Statistical analysis
Group differences on each dependent measure were evaluated using one-way ANOVA with a least significant differences post hoc analysis. Pearson-product moment correlations were also performed to determine significant relationships among variables. A multiple linear stepwise regression analysis was run to help identify factors that may distinguish those who develop CNA from those who do not. All analyses were run using SPSS 18.0 software (SPSS Inc., Chicago, IL) with significance set at P < 0.05.
RESULTS
We evaluated 80 adult men, aged 55.3 ± 9.0 years, consisting of 30 healthy control subjects, 30 type 2 diabetic patients, and 20 type 2 diabetic patients diagnosed with stage 2 CNA. According to the classification scheme of Sanders and Frykberg (16) to describe neuropathic osteoarthropathy patterns of joint involvement, 28% of CNA patients displayed pattern 2 (tarsometatarsal/Lisfranc’s joint involvement), 45% displayed pattern 3 (midtarsal and naviculocuneiform joint involvement), and 27% displayed pattern 4 (ankle and subtalar joint involvement). No patients were classified as pattern 1 (forefoot) or pattern 5 (calcaneus), which might have otherwise interfered with the measurement of BMD or calcaneal stiffness, or both.

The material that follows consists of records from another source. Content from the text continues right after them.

theorem proposition11:
  fixes \<theta> :: morph
  assumes "paperfolding \<theta>" and "symmetric_morph \<theta>" and "perfect \<theta>"
  shows "Ssum ` language \<theta> = UNIV"
proof -
  interpret symmetric_paperfolding \<theta>
    using assms by unfold_locales (auto simp: perfect_def)
  define visits where "visits p = {(j, n). j < (4::nat) \<and> (rot_vec ^^ j) (Z n) = p}" for p
  have card_visits: "card (visits p) = (if p = (0, 0) then 4 else 2)" for p
    using assms(3) unfolding perfect_def visits_def walk_map_rot_pow by blast
  obtain m n where "(m, n) \<in> visits (1, 0)" and "(m, n) \<noteq> (0, 1)"
    using card_visits[of "(1, 0)"] card_mono[of "{(0, 1)}" "visits (1, 0)"] by fastforce
  then have "\<not> inj Z" using Z_not_inj by (auto simp: visits_def)
  then obtain a b where "a < b" and "Z a = Z b"
    by (metis injI linorder_neqE_nat)
  then have "0 \<in> Ssum ` language \<theta>"
    using rot_Z_diff_in_Ssum_language[of a b 0] by simp
  moreover have "p \<in> Ssum ` language \<theta>" if "p \<noteq> 0" for p
  proof -
    have "visits p \<noteq> {}" using card_visits[of p] that by (auto simp: zero_prod_def)
    then obtain j n where "(rot_vec ^^ j) (Z n) = p" by (auto simp: visits_def)
    moreover have "n \<noteq> 0" using calculation that by (cases n) auto
    ultimately show ?thesis using rot_Z_diff_in_Ssum_language[of 0 n j] by simp
  qed
  ultimately show ?thesis by (metis UNIV_eq_I)
qed

end
lemma quadratic_form_dist_cov_discrete_distr:
  assumes "prob_weights w"
  shows "u \<bullet> (dist_cov (discrete_distr w x) *v u) =
    (\<Sum>k\<in>UNIV. w k * (u \<bullet> (x k - dist_mean (discrete_distr w x)))\<^sup>2)"
proof -
  define y where "y k = x k - dist_mean (discrete_distr w x)" for k
  have "dist_cov (discrete_distr w x) $ a $ b = (\<Sum>k\<in>UNIV. w k * (y k $ a * y k $ b))" for a b
    unfolding dist_cov_def y_def using assms by (simp add: integral_discrete_distr)
  then have "u \<bullet> (dist_cov (discrete_distr w x) *v u) =
      (\<Sum>a\<in>UNIV. \<Sum>b\<in>UNIV. \<Sum>k\<in>UNIV. w k * ((u $ a * y k $ a) * (u $ b * y k $ b)))"
    by (simp add: inner_vec_def matrix_vector_mult_def sum_distrib_left sum_distrib_right mult_ac)
  also have "\<dots> = (\<Sum>a\<in>UNIV. \<Sum>k\<in>UNIV. \<Sum>b\<in>UNIV. w k * ((u $ a * y k $ a) * (u $ b * y k $ b)))"
    by (rule sum.cong[OF refl], rule sum.swap)
  also have "\<dots> = (\<Sum>k\<in>UNIV. \<Sum>a\<in>UNIV. \<Sum>b\<in>UNIV. w k * ((u $ a * y k $ a) * (u $ b * y k $ b)))"
    by (rule sum.swap)
  also have "\<dots> = (\<Sum>k\<in>UNIV. w k * ((\<Sum>a\<in>UNIV. u $ a * y k $ a) * (\<Sum>b\<in>UNIV. u $ b * y k $ b)))"
    by (simp only: sum_product) (simp only: sum_distrib_left)
  finally show ?thesis
    by (simp add: y_def inner_vec_def power2_eq_square)
qed

lemma weighted_variance_le_second_moment:
  assumes "prob_weights w"
  shows "(\<Sum>k\<in>UNIV. w k * (a k - (\<Sum>j\<in>UNIV. w j * a j))\<^sup>2) \<le> (\<Sum>k\<in>UNIV. w k * (a k)\<^sup>2)"
proof -
  define c where "c = (\<Sum>j\<in>UNIV. w j * a j)"
  have "(\<Sum>k\<in>UNIV. w k * (a k - c)\<^sup>2) =
      (\<Sum>k\<in>UNIV. w k * (a k)\<^sup>2) - 2 * c * (\<Sum>k\<in>UNIV. w k * a k) + c\<^sup>2 * sum w UNIV"
    by (simp add: power2_eq_square algebra_simps sum.distrib sum_subtractf
        sum_distrib_left sum_distrib_right)
  also have "\<dots> = (\<Sum>k\<in>UNIV. w k * (a k)\<^sup>2) - c\<^sup>2"
    using assms by (simp add: prob_weights_def c_def power2_eq_square)
  finally show ?thesis by (simp add: c_def)
qed

lemma bounded_cov_discrete_distr:
  fixes x :: "'k::finite \<Rightarrow> real ^ 'n"
  assumes "prob_weights w" and second_moment: "\<And>u. (\<Sum>k\<in>UNIV. w k * (u \<bullet> x k)\<^sup>2) \<le> \<sigma>\<^sup>2 * (u \<bullet> u)"
  shows "bounded_cov \<sigma> (discrete_distr w x)"
  unfolding bounded_cov_def loewner_le_def
proof (intro conjI allI)
  fix u :: "real ^ 'n"
  have "u \<bullet> (dist_cov (discrete_distr w x) *v u) =
      (\<Sum>k\<in>UNIV. w k * (u \<bullet> x k - (\<Sum>j\<in>UNIV. w j * (u \<bullet> x j)))\<^sup>2)"
    using assms(1) by (simp add: quadratic_form_dist_cov_discrete_distr dist_mean_discrete_distr
        inner_diff_right inner_sum_right)
  also have "\<dots> \<le> (\<Sum>k\<in>UNIV. w k * (u \<bullet> x k)\<^sup>2)"
    using assms(1) by (rule weighted_variance_le_second_moment)
  also have "\<dots> \<le> \<sigma>\<^sup>2 * (u \<bullet> u)"
    by (rule second_moment)
  also have "\<dots> = u \<bullet> (\<sigma>\<^sup>2 *\<^sub>R u)"
    by simp
  also have "\<sigma>\<^sup>2 *\<^sub>R u = (\<sigma>\<^sup>2 *\<^sub>R mat 1) *v u"
    by (simp add: vec_eq_iff matrix_vector_mult_def mat_def if_distrib if_distribR cong: if_cong)
  finally show "u \<bullet> (dist_cov (discrete_distr w x) *v u) \<le> u \<bullet> ((\<sigma>\<^sup>2 *\<^sub>R mat 1) *v u)" .
qed (auto simp: is_distribution_discrete_distr intro!: integrable_discrete_distr)
(* $$\sum_{i,j,k\ge0}\frac{q^{i^2+j^2+k^2}}{(q)_{i+j-k}(q)_{i+k-j}(q)_{j+k-i}}=\sum_{i,j\ge0}\frac{q^{i^2+j^2+(i-j)^2}}{(q)_{2i}(q)_{2j}}.$$
   Context: $q$ is complex with $|q|<1$. $(q)_n=\prod_{j=1}^n(1-q^j)$ for $n\ge0$ and $1/(q)_n:=0$ for $n<0$. *)

theory Defs
  imports "HOL-Analysis.Analysis"
begin

definition qpoch :: "complex \<Rightarrow> nat \<Rightarrow> complex" where
  "qpoch q n = (\<Prod>j=1..n. 1 - q ^ j)"

definition inv_qpoch :: "complex \<Rightarrow> int \<Rightarrow> complex" where
  "inv_qpoch q n = (if n < 0 then 0 else 1 / qpoch q (nat n))"

end

theory Submission
  imports Defs
begin

(*
  The triple sum collapses to the double sum one summation at a time.

  For fixed i, j the summand vanishes unless k lies between |i - j| and i + j,
  so the sum over k is finite.  Writing i = j + d and k = d + t, it becomes
     q^((j+d)^2 + j^2 + d^2) * sum_{t<=2j} q^(t^2 + 2dt) / ((q)_t (q)_(2j-t) (q)_(2d+t)),
  and the terminating identity
     sum_{t<=n} q^(t^2 + a t) / ((q)_t (q)_(n-t) (q)_(a+t)) = 1 / ((q)_n (q)_(a+n))
  (proved by induction on n, for every q that is not a root of unity) evaluates it to the
  (i,j)-summand of the right-hand side.

  For |q| < 1 the numbers 1/(q)_n are bounded uniformly in n, so the triple
  summand is dominated by C * |q|^(i+j+k).  The triple series is therefore absolutely summable
  and may be summed first over k and then over the pairs (i,j) (Fubini for unordered sums).
*)

section \<open>The q-Pochhammer symbol\<close>

lemma qpoch_0 [simp]: "qpoch q 0 = 1"
  by (simp add: qpoch_def)

lemma qpoch_Suc: "qpoch q (Suc n) = qpoch q n * (1 - q ^ Suc n)"
  by (simp add: qpoch_def)

lemma qpoch_nonzero:
  assumes "norm q < 1"
  shows "qpoch q n \<noteq> 0"
proof -
  have "1 - q ^ j \<noteq> 0" if "j \<ge> 1" for j
  proof
    assume "1 - q ^ j = 0"
    hence "norm (q ^ j) = 1" by simp
    moreover have "norm (q ^ j) < 1"
      using assms that by (simp add: norm_power power_less_one_iff)
    ultimately show False by simp
  qed
  thus ?thesis unfolding qpoch_def by (auto simp: prod_zero_iff)
qed

lemma inv_qpoch_of_nat [simp]: "inv_qpoch q (int n) = 1 / qpoch q n"
  by (simp add: inv_qpoch_def)

lemma inv_qpoch_negative: "m < 0 \<Longrightarrow> inv_qpoch q m = 0"
  by (simp add: inv_qpoch_def)

section \<open>A terminating summation\<close>

definition chu_term :: "complex \<Rightarrow> nat \<Rightarrow> nat \<Rightarrow> nat \<Rightarrow> complex" where
  "chu_term q n a t = q ^ (t^2 + a*t) / (qpoch q t * qpoch q (n - t) * qpoch q (a + t))"

text \<open>The two contiguous relations that drive the induction step: removing the factor
  \<open>1 - q^t\<close>, respectively \<open>1 - q^(n+1-t)\<close>, from a term of length \<open>n+1\<close> yields a term of
  length \<open>n\<close> with parameter \<open>a+1\<close>.\<close>
lemma chu_term_lower:
  assumes nz: "\<And>m. qpoch q m \<noteq> 0"
  shows "(1 - q ^ Suc s) * chu_term q (Suc n) a (Suc s) = q ^ (a + s + 1) * chu_term q n (a+1) s"
proof -
  have expo: "q ^ ((Suc s)^2 + a * Suc s) = q ^ (s^2 + (a + 1) * s) * q ^ (a + s + 1)"
    by (simp add: power_add[symmetric] power2_eq_square algebra_simps)
  have idx: "Suc n - Suc s = n - s" "a + Suc s = (a + 1) + s" by simp_all
  have "1 - q ^ Suc s \<noteq> 0" using nz[of "Suc s"] by (simp add: qpoch_Suc)
  thus ?thesis unfolding chu_term_def expo idx qpoch_Suc using nz
    by (simp add: field_simps del: power_Suc)
qed

lemma chu_term_upper:
  assumes nz: "\<And>m. qpoch q m \<noteq> 0" and "t \<le> n"
  shows "q ^ t * (1 - q ^ (Suc n - t)) * chu_term q (Suc n) a t
           = (1 - q ^ (a + t + 1)) * chu_term q n (a+1) t"
proof -
  have expo: "q ^ (t^2 + (a+1) * t) = q ^ t * q ^ (t^2 + a * t)"
    by (simp add: power_add[symmetric] algebra_simps)
  have idx: "Suc n - t = Suc (n - t)" using \<open>t \<le> n\<close> by simp
  have shift: "qpoch q (a + 1 + t) = qpoch q (a + t) * (1 - q ^ (a + t + 1))"
    using qpoch_Suc[of q "a+t"] by simp
  have "1 - q ^ Suc (n-t) \<noteq> 0" "1 - q ^ (a+t+1) \<noteq> 0"
    using nz[of "Suc (n-t)"] nz[of "Suc (a+t)"] by (simp_all add: qpoch_Suc)
  thus ?thesis unfolding chu_term_def expo idx qpoch_Suc[of q "n - t"] shift using nz
    by (simp add: field_simps)
qed

text \<open>In the induction
  step we multiply by \<open>1 - q^(n+1) = (1 - q^t) + q^t (1 - q^(n+1-t))\<close>, apply the two
  contiguous relations and recombine the resulting sums.\<close>
lemma chu_sum:
  assumes nz: "\<And>m. qpoch q m \<noteq> 0"
  shows "(\<Sum>t\<le>n. chu_term q n a t) = 1 / (qpoch q n * qpoch q (a + n))"
proof (induction n arbitrary: a)
  case 0
  then show ?case by (simp add: chu_term_def)
next
  case (Suc n)
  let ?S = "\<Sum>t\<le>Suc n. chu_term q (Suc n) a t"
  have split: "(1 - q ^ Suc n) * chu_term q (Suc n) a t
      = (1 - q ^ t) * chu_term q (Suc n) a t
        + q ^ t * (1 - q ^ (Suc n - t)) * chu_term q (Suc n) a t"
    if "t \<le> Suc n" for t
  proof -
    have "q ^ t * q ^ (Suc n - t) = q ^ Suc n" using that by (simp add: power_add[symmetric])
    thus ?thesis by (simp add: algebra_simps)
  qed
  have "(1 - q ^ Suc n) * ?S
      = (\<Sum>t\<le>Suc n. (1 - q ^ t) * chu_term q (Suc n) a t)
        + (\<Sum>t\<le>Suc n. q ^ t * (1 - q ^ (Suc n - t)) * chu_term q (Suc n) a t)"
    unfolding sum_distrib_left sum.distrib[symmetric] by (intro sum.cong refl split) simp
  also have "(\<Sum>t\<le>Suc n. (1 - q ^ t) * chu_term q (Suc n) a t)
      = (\<Sum>s\<le>n. q ^ (a + s + 1) * chu_term q n (a+1) s)"
    by (subst sum.atMost_Suc_shift) (simp del: power_Suc add: chu_term_lower[OF nz])
  also have "(\<Sum>t\<le>Suc n. q ^ t * (1 - q ^ (Suc n - t)) * chu_term q (Suc n) a t)
      = (\<Sum>s\<le>n. (1 - q ^ (a + s + 1)) * chu_term q n (a+1) s)"
    by (subst sum.atMost_Suc) (simp add: chu_term_upper[OF nz])
  also have "(\<Sum>s\<le>n. q ^ (a + s + 1) * chu_term q n (a+1) s)
             + (\<Sum>s\<le>n. (1 - q ^ (a + s + 1)) * chu_term q n (a+1) s)
           = (\<Sum>s\<le>n. chu_term q n (a+1) s)"
    by (simp add: sum.distrib[symmetric] algebra_simps)
  also have "\<dots> = 1 / (qpoch q n * qpoch q (a + 1 + n))" by (rule Suc.IH)
  finally have scaled: "?S * (1 - q ^ Suc n) = 1 / (qpoch q n * qpoch q (a + 1 + n))"
    by (simp only: mult.commute)
  have "1 - q ^ Suc n \<noteq> 0" using nz[of "Suc n"] by (simp add: qpoch_Suc)
  from eq_divide_imp[OF this scaled]
  have "?S = 1 / (qpoch q n * qpoch q (a + 1 + n)) / (1 - q ^ Suc n)" .
  also have "\<dots> = 1 / (qpoch q (Suc n) * qpoch q (a + Suc n))"
    by (simp add: qpoch_Suc del: power_Suc)
  finally show ?case .
qed

section \<open>The sum over \<open>k\<close>\<close>

definition triple_term :: "complex \<Rightarrow> nat \<Rightarrow> nat \<Rightarrow> nat \<Rightarrow> complex" where
  "triple_term q i j k = q ^ (i^2 + j^2 + k^2)
            * inv_qpoch q (int i + int j - int k)
            * inv_qpoch q (int i + int k - int j)
            * inv_qpoch q (int j + int k - int i)"

definition pair_term :: "complex \<Rightarrow> nat \<Rightarrow> nat \<Rightarrow> complex" where
  "pair_term q i j = q ^ (i^2 + j^2 + (nat \<bar>int i - int j\<bar>)^2) / (qpoch q (2*i) * qpoch q (2*j))"

lemma triple_term_swap: "triple_term q i j k = triple_term q j i k"
  unfolding triple_term_def by (simp add: algebra_simps)

lemma pair_term_swap: "pair_term q i j = pair_term q j i"
  unfolding pair_term_def by (simp add: algebra_simps abs_minus_commute)

text \<open>For \<open>j \<le> i\<close>, with \<open>i = j + d\<close>, only \<open>k = d + t\<close> with \<open>t \<le> 2j\<close> contribute, and after this
  shift the sum over \<open>k\<close> is an instance of the terminating identity with \<open>n = 2j\<close>, \<open>a = 2d\<close>.\<close>
lemma sum_triple_term_le:
  assumes nz: "\<And>m. qpoch q m \<noteq> 0" and "j \<le> i"
  shows "(\<Sum>k\<le>i+j. triple_term q i j k) = pair_term q i j"
proof -
  obtain d where i: "i = j + d" using \<open>j \<le> i\<close> le_Suc_ex by blast
  define c where "c = (j+d)^2 + j^2 + d^2"
  have vanish: "(\<Sum>k<d. triple_term q i j k) = 0"
  proof (rule sum.neutral, intro ballI)
    fix k assume "k \<in> {..<d}"
    hence "int j + int k - int i < 0" unfolding i by auto
    thus "triple_term q i j k = 0" unfolding triple_term_def by (simp add: inv_qpoch_negative)
  qed
  have shifted: "triple_term q i j (t + d) = q ^ c * chu_term q (2*j) (2*d) t" if "t \<le> 2*j" for t
  proof -
    have args: "int i + int j - int (t + d) = int (2*j - t)"
               "int i + int (t+d) - int j = int (2*d + t)"
               "int j + int (t+d) - int i = int t"
      unfolding i using that by simp_all
    have "i^2 + j^2 + (t+d)^2 = c + (t^2 + 2*d*t)"
      unfolding c_def i by (simp add: power2_eq_square algebra_simps)
    hence "q ^ (i^2 + j^2 + (t+d)^2) = q ^ c * q ^ (t^2 + 2*d*t)"
      by (simp add: power_add)
    thus ?thesis unfolding triple_term_def args inv_qpoch_of_nat chu_term_def
      by (simp add: algebra_simps)
  qed
  have range: "{..i+j} = {..<d} \<union> {0 + d..2*j + d}" unfolding i by auto
  have "(\<Sum>k\<le>i+j. triple_term q i j k) = (\<Sum>k\<in>{0 + d..2*j + d}. triple_term q i j k)"
    unfolding range by (subst sum.union_disjoint) (auto simp: vanish)
  also have "\<dots> = (\<Sum>t\<in>{0..2*j}. triple_term q i j (t + d))"
    by (rule sum.shift_bounds_cl_nat_ivl)
  also have "\<dots> = q ^ c * (\<Sum>t\<le>2*j. chu_term q (2*j) (2*d) t)"
    by (simp add: shifted sum_distrib_left atLeast0AtMost)
  also have "\<dots> = q ^ c / (qpoch q (2*j) * qpoch q (2*d + 2*j))"
    by (simp add: chu_sum[OF nz])
  also have "\<dots> = pair_term q i j"
    unfolding c_def pair_term_def i by (simp add: algebra_simps)
  finally show ?thesis .
qed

CNA patients had similar duration of diabetes but higher HbA1c levels than their counterparts with diabetes (8.3 ± 1.6 vs. 7.0 ± 2.9%, Table 1). Fasting serum blood urea nitrogen and creatinine values for all diabetic and CNA patients were within the normal reference ranges. CNA and diabetic patients were slightly older, had a greater BMI, and a higher waist-to-hip ratio than control subjects. Systolic blood pressure was higher in CNA subjects than in diabetic or control participants.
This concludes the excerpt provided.